Task details
Take the data below and extract the lines from the one with "t = [1..<Suc" to the one with "(\<forall>a. (\<forall>i. a", inclusive, exactly as written.
*** Records provided ***
(* Let $G$ be a digraph and $t,t'\in B_n$ with $t\neq t'$. If $\mathbb{A}(G)$ satisfies the identity $t\approx t'$, then $M_G$ divides $M_{t,t'}$ and $P_G<H_{t,t'}$.
   Context: Digraphs $G=(V,E)$ have $E\subseteq V\times V$, loops allowed, possibly infinite. The graph algebra $\mathbb{A}(G)$ is the groupoid on $V\cup\{\infty\}$ with $xy=x$ if $x,y\in V$ and $(x,y)\in E$, and $xy=\infty$ otherwise. $B_n$ is the set of binary terms in which $x_1,\dots,x_n$ each occur once in this order; for $t\in B_n$ the rooted tree $G(t)$ is defined recursively: $G(x_i)$ is a single vertex, $G(t_1t_2)$ is $G(t_1)\cup G(t_2)$ plus an edge from the leftmost variable of $t_1$ to that of $t_2$; root $x_1$. With $T=G(t)$, $T'=G(t')$, depth $d_T$, height $h$: $H_{t,t'}=\min(h(T),h(T'))$ and $M_{t,t'}=\gcd\{|d_T(x)-d_{T'}(x)|:x\in\{x_1,\dots,x_n\}\}$. A strongly connected component (SCC) is trivial if it is a single vertex without a loop. For $m\ge1$, an $m$-whirl is a digraph whose vertex set is partitioned into nonempty blocks $B_0,\dots,B_{m-1}$ (indices mod $m$) with edge set exactly $\bigcup_iB_i\times B_{i+1}$. $M_G$ is the lcm of all $m$ such that some SCC of $G$ is an $m$-whirl ($1$ if there is none, $\infty$ if such $m$ are unbounded). A path is pleasant if all its vertices lie in trivial SCCs; $P_G$ is the maximal length of a pleasant path ($\infty$ if unbounded, $-\infty$ if none). *)

theory Defs
  imports Main "HOL-Library.Extended_Nat" "HOL-Library.Extended_Real"
begin

text \<open>The graph algebra A(G) has carrier V plus an extra element infinity; we model its
  elements as 'v option, with None playing the role of infinity.\<close>

definition digraph :: "'v set \<Rightarrow> ('v \<times> 'v) set \<Rightarrow> bool" where
  "digraph V E \<longleftrightarrow> E \<subseteq> V \<times> V"

definition ga_carrier :: "'v set \<Rightarrow> 'v option set" where
  "ga_carrier V = Some ` V \<union> {None}"

definition ga_mult :: "('v \<times> 'v) set \<Rightarrow> 'v option \<Rightarrow> 'v option \<Rightarrow> 'v option" where
  "ga_mult E x y = (case (x, y) of
      (Some a, Some b) \<Rightarrow> (if (a, b) \<in> E then Some a else None)
    | _ \<Rightarrow> None)"

datatype tm = Var nat | App tm tm

fun vars_list :: "tm \<Rightarrow> nat list" where
  "vars_list (Var i) = [i]"
| "vars_list (App a b) = vars_list a @ vars_list b"

definition B :: "nat \<Rightarrow> tm set" where
  "B n = {t. vars_list t = [1..<Suc n]}"

fun eval :: "('v \<times> 'v) set \<Rightarrow> (nat \<Rightarrow> 'v option) \<Rightarrow> tm \<Rightarrow> 'v option" where
  "eval E a (Var i) = a i"
| "eval E a (App s u) = ga_mult E (eval E a s) (eval E a u)"

definition satisfies :: "'v set \<Rightarrow> ('v \<times> 'v) set \<Rightarrow> tm \<Rightarrow> tm \<Rightarrow> bool" where
  "satisfies V E t t' \<longleftrightarrow>
     (\<forall>a. (\<forall>i. a i \<in> ga_carrier V) \<longrightarrow> eval E a t = eval E a t')"

fun leftmost :: "tm \<Rightarrow> nat" where
  "leftmost (Var i) = i"
| "leftmost (App a b) = leftmost a"

fun tree_edges :: "tm \<Rightarrow> (nat \<times> nat) set" where
  "tree_edges (Var i) = {}"
| "tree_edges (App a b) = tree_edges a \<union> tree_edges b \<union> {(leftmost a, leftmost b)}"

definition depth :: "tm \<Rightarrow> nat \<Rightarrow> nat" where
  "depth t x = (LEAST k. (leftmost t, x) \<in> tree_edges t ^^ k)"

definition height :: "tm \<Rightarrow> nat" where
  "height t = Max (depth t ` set (vars_list t))"

definition H_tt :: "tm \<Rightarrow> tm \<Rightarrow> nat" where
  "H_tt t t' = min (height t) (height t')"

definition M_tt :: "nat \<Rightarrow> tm \<Rightarrow> tm \<Rightarrow> nat" where
  "M_tt n t t' = Gcd ((\<lambda>x. nat \<bar>int (depth t x) - int (depth t' x)\<bar>) ` {1..n})"

definition scc_of :: "'v set \<Rightarrow> ('v \<times> 'v) set \<Rightarrow> 'v \<Rightarrow> 'v set" where
  "scc_of V E v = {u \<in> V. (v, u) \<in> E\<^sup>* \<and> (u, v) \<in> E\<^sup>*}"

definition sccs :: "'v set \<Rightarrow> ('v \<times> 'v) set \<Rightarrow> 'v set set" where
  "sccs V E = scc_of V E ` V"

definition trivial_scc :: "('v \<times> 'v) set \<Rightarrow> 'v set \<Rightarrow> bool" where
  "trivial_scc E C \<longleftrightarrow> (\<exists>v. C = {v} \<and> (v, v) \<notin> E)"

definition is_whirl :: "nat \<Rightarrow> 'v set \<Rightarrow> ('v \<times> 'v) set \<Rightarrow> bool" where
  "is_whirl m C F \<longleftrightarrow> m \<ge> 1 \<and>
     (\<exists>Bl :: nat \<Rightarrow> 'v set.
        (\<forall>i<m. Bl i \<noteq> {}) \<and>
        (\<forall>i<m. \<forall>j<m. i \<noteq> j \<longrightarrow> Bl i \<inter> Bl j = {}) \<and>
        (\<Union>i<m. Bl i) = C \<and>
        F = (\<Union>i<m. Bl i \<times> Bl (Suc i mod m)))"

definition whirl_orders :: "'v set \<Rightarrow> ('v \<times> 'v) set \<Rightarrow> nat set" where
  "whirl_orders V E = {m. \<exists>C \<in> sccs V E. is_whirl m C (E \<inter> C \<times> C)}"

text \<open>M_G: lcm of whirl orders; 1 if none (Lcm {} = 1); infinity if unbounded.\<close>
definition M_G :: "'v set \<Rightarrow> ('v \<times> 'v) set \<Rightarrow> enat" where
  "M_G V E = (if finite (whirl_orders V E) then enat (Lcm (whirl_orders V E)) else \<infinity>)"

definition enat_dvd :: "enat \<Rightarrow> nat \<Rightarrow> bool" where
  "enat_dvd a b = (case a of enat m \<Rightarrow> m dvd b | \<infinity> \<Rightarrow> b = 0)"

definition pleasant_path :: "'v set \<Rightarrow> ('v \<times> 'v) set \<Rightarrow> 'v list \<Rightarrow> bool" where
  "pleasant_path V E p \<longleftrightarrow> p \<noteq> [] \<and> set p \<subseteq> V \<and>
     (\<forall>i. Suc i < length p \<longrightarrow> (p ! i, p ! Suc i) \<in> E) \<and>
     (\<forall>v \<in> set p. trivial_scc E (scc_of V E v))"

text \<open>P_G: supremum of lengths (number of edges) of pleasant paths; -infinity if none,
  +infinity if unbounded.\<close>
definition P_G :: "'v set \<Rightarrow> ('v \<times> 'v) set \<Rightarrow> ereal" where
  "P_G V E = Sup ((\<lambda>p. ereal (real (length p - 1))) ` {p. pleasant_path V E p})"

end

theory Submission
  imports Defs
begin

text \<open>
  Under an assignment of vertices to the variables, a term of the graph algebra evaluates to a
  vertex (rather than to \<open>\<infinity>\<close>) exactly when the assignment maps the tree \<open>G(t)\<close>
  homomorphically into \<open>G\<close>. So if \<open>\<A>(G)\<close> satisfies \<open>t \<approx> t'\<close>, every assignment that is a
  homomorphism on \<open>G(t)\<close> is one on \<open>G(t')\<close> as well.

  Sending a variable of depth \<open>d\<close> in \<open>G(t)\<close> to block \<open>d mod m\<close> of an \<open>m\<close>-whirl gives such a
  homomorphism; on \<open>G(t')\<close> it can only step from one block to the next, so the depths in \<open>t\<close> and
  \<open>t'\<close> agree modulo \<open>m\<close>. Sending it instead to the \<open>d\<close>-th vertex of a pleasant path longer than
  the height of \<open>G(t)\<close>, the edges of \<open>G(t')\<close> must go forward along the path, which has no
  backward edges; hence depths in \<open>t'\<close> are bounded by depths in \<open>t\<close>. By symmetry the two depth
  functions coincide, and a term of \<open>B\<^sub>n\<close> is determined by its depth function.
\<close>

lemma relpow_mod_shift:
  assumes step: "\<forall>(u, v) \<in> R. g v mod m = Suc (g u) mod m" and "(x, y) \<in> R ^^ k"
  shows "g y mod m = (g x + k) mod m"
  using assms(2)
proof (induction k arbitrary: y)
  case (Suc k)
  then obtain z where "(x, z) \<in> R ^^ k" and "(z, y) \<in> R" by auto
  have "g y mod m = Suc (g z mod m) mod m"
    using step \<open>(z, y) \<in> R\<close> by (auto simp: mod_Suc_eq)
  also have "\<dots> = Suc ((g x + k) mod m) mod m"
    using Suc.IH \<open>(x, z) \<in> R ^^ k\<close> by simp
  finally show ?case by (simp add: mod_Suc_eq)
qed simp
*** End of Records provided ***
Exercise solution
  "B n = {t. vars_list t = [1..<Suc n]}"

fun eval :: "('v \<times> 'v) set \<Rightarrow> (nat \<Rightarrow> 'v option) \<Rightarrow> tm \<Rightarrow> 'v option" where
  "eval E a (Var i) = a i"
| "eval E a (App s u) = ga_mult E (eval E a s) (eval E a u)"

definition satisfies :: "'v set \<Rightarrow> ('v \<times> 'v) set \<Rightarrow> tm \<Rightarrow> tm \<Rightarrow> bool" where
  "satisfies V E t t' \<longleftrightarrow>
     (\<forall>a. (\<forall>i. a i \<in> ga_carrier V) \<longrightarrow> eval E a t = eval E a t')"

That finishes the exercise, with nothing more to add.